The Detection of Black Ice Accidents Using CNNs: Difference between revisions

Latest revision as of 15:54, 14 November 2021

Presented by

Ann Gie Wong, Hannah Kerr, Shao Zhong Li

Introduction

As automated vehicles become more popular it is critical for these cars to be tested on every realistic driving scenario. Since AVs aim to improve safety on the road they must be able to handle all kinds of road conditions. One way an AV can prevent an accident is going from a passive safety system to an active safety system once a risk is identified.

Every country has their own challenges and in Canada for example, AVs need to understand how to drive in the winter. However, not enough testing and training has been done to mitigate winter risks. Black ice is one of the leading causes of accidents in the winter and is very challenging to see since it is a thin, transparent layer of ice. Because of this, focus needs to be placed on AVs identifying black ice.

Previous Work

In the past other methods of detecting black ice included using:

Sensors

Electric current sensors imbedded in concrete
Change of electrical current resistance between stainless steel columns inside the concrete based on how what is on top of the road

Sound Waves:
- Used 3 different soundwaves
- Road conditions detected through reflectance of the waves
- To be used for basic data in the development of road condition detectors
Light Sources
- Different road conditions have unique light reflection
- Specular and diffuse reflections
- Types of ice were classified based on thickness and volume
- Other road conditions could be determined through reflection as well

Transportation in general has been using artificial intelligence for many different purposes.

Vehicle and pedestrian detection has been using various forms of convolutional neural networks like AlexNet, YOLO, R-CNN, Faster R-CNN, etc. Some models had better performance whereas others had a faster processing time but overall great success has been achieved.

In addition, the identification of traffic signs has had studies using similar CNN structures. These algorithms are able to process high-definition images quickly and recognize the boundary of the traffic sign allowing for quick processing.

Lastly, the detection of cracks in the road used CNN algorithms to identify the existence of a crack and classifying the it’s length with a maximum misclassification of 1cm.

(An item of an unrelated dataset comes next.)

(* Let $a\in\mathbb{N}_0$, $b\notin\mathbb{Z}$, and let $\check T=T(a,b)$ be the classical Jacobi operator. Its index sets are $\check I_1=\check I_4=\mathbb{N}_0$ and $\check I_2=\check I_3=\{0,1,\ldots,a-1\}$. The type 1 and type 4 quasi-rational eigenvalues are simple (i.e. $\mathrm{Ric}_\lambda(\check T)$ is a singleton of the respective type). The type 2 and 3 eigenvalues are degenerate and coincide: $\check\sigma_{23}:=\check\sigma_2=\check\sigma_3$, and for $\lambda\in\check\sigma_{23}$ the set $\mathrm{Ric}_\lambda(\check T)$ consists of exactly two elements, one of type 2 and one of type 3. Moreover $\sigma_{\mathrm{qr}}(\check T)=\check\sigma_1\sqcup\check\sigma_{23}\sqcup\check\sigma_4$ (disjoint union).
   Context: $D=d/dx$; $T(a,b)=(x^2-1)\big(D^2+(\frac{a+1}{x-1}+\frac{b+1}{x+1})D\big)$. For $T=pD^2+qD+r$, $\mathrm{Ric}_\lambda(T)$ is the set of rational $w$ with $p(w'+w^2)+qw+r=\lambda$ (log-derivatives of quasi-rational eigenfunctions $\phi$, $T\phi=\lambda\phi$, $\phi'/\phi=w$) and $\sigma_{\mathrm{qr}}(T)=\{\lambda:\mathrm{Ric}_\lambda(T)\ne\emptyset\}$. Asymptotic type of $w$ (and of $\phi$): 1 if $w$ regular at $x=\pm1$; 2 if poles at both; 3 if pole at $x=1$ only; 4 if pole at $x=-1$ only. Degree of $\phi$: $\lim_{x\to\infty}xw(x)$. The index of a type $\imath$ quasi-rational eigenfunction of $T(a,b)$ is $\deg\phi-d_\imath$ with $d_1=0$, $d_2=-a-b$, $d_3=-a$, $d_4=-b$; $\check I_\imath$ is the set of indices of type $\imath$ eigenfunctions, and $\check\sigma_\imath=\lambda_\imath(\check I_\imath;a,b)$ with $\lambda_1(k;a,b)=k(k+a+b+1)$, $\lambda_2(k;a,b)=(k-a-b)(k+1)$, $\lambda_3(k;a,b)=(k-a)(k+b+1)$, $\lambda_4(k;a,b)=(k-b)(k+a+1)$ (the eigenvalue of a type $\imath$ eigenfunction of index $k$). *)

theory Defs
  imports "HOL-Computational_Algebra.Computational_Algebra" "HOL-Computational_Algebra.Field_as_Ring" "HOL-Analysis.Analysis"
begin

Significant progress has been made for transportation but there is a lack of training on winter roads and black ice specifically. Since CNN has great success with quickly identifying objects of interest in images, using CNN for black ice detection and accident prevention is a natural extension.

Data collection

CNN is a popular class of Artificial Neural Networks (ANN) that is commonly used in image analysis due to its excellent performance in object detection using images.It differs from ANN in that it maintains and delivers spatial information on images by adding synthetic and pooling layers to a normal ANN. As mentioned earlier, various studies regarding the transportation sector had used CNN, but the study of black ice detection on the road has only thus far been conducted using other methodologies (sensors and optics). This study aims to detect black ice by utilizing CNN on images of various road conditions.. In this chapter, the details of data collection, 1st preprocessing, and 2nd preprocessing, how the model was designed, and the training undertaken (see Figure 1) are discussed.

1. Data Collection

Image data was collected using Google Image Search for four categories of road condition: road, wet road, snow road and black ice. Images were of different regions and road environments and make up a total of 2230 images.

2. Data Split

To assist in feature extraction, objects such as road structures, lanes, and shoulders within each image were removed so that the road characteristics of interest can be clearly identified.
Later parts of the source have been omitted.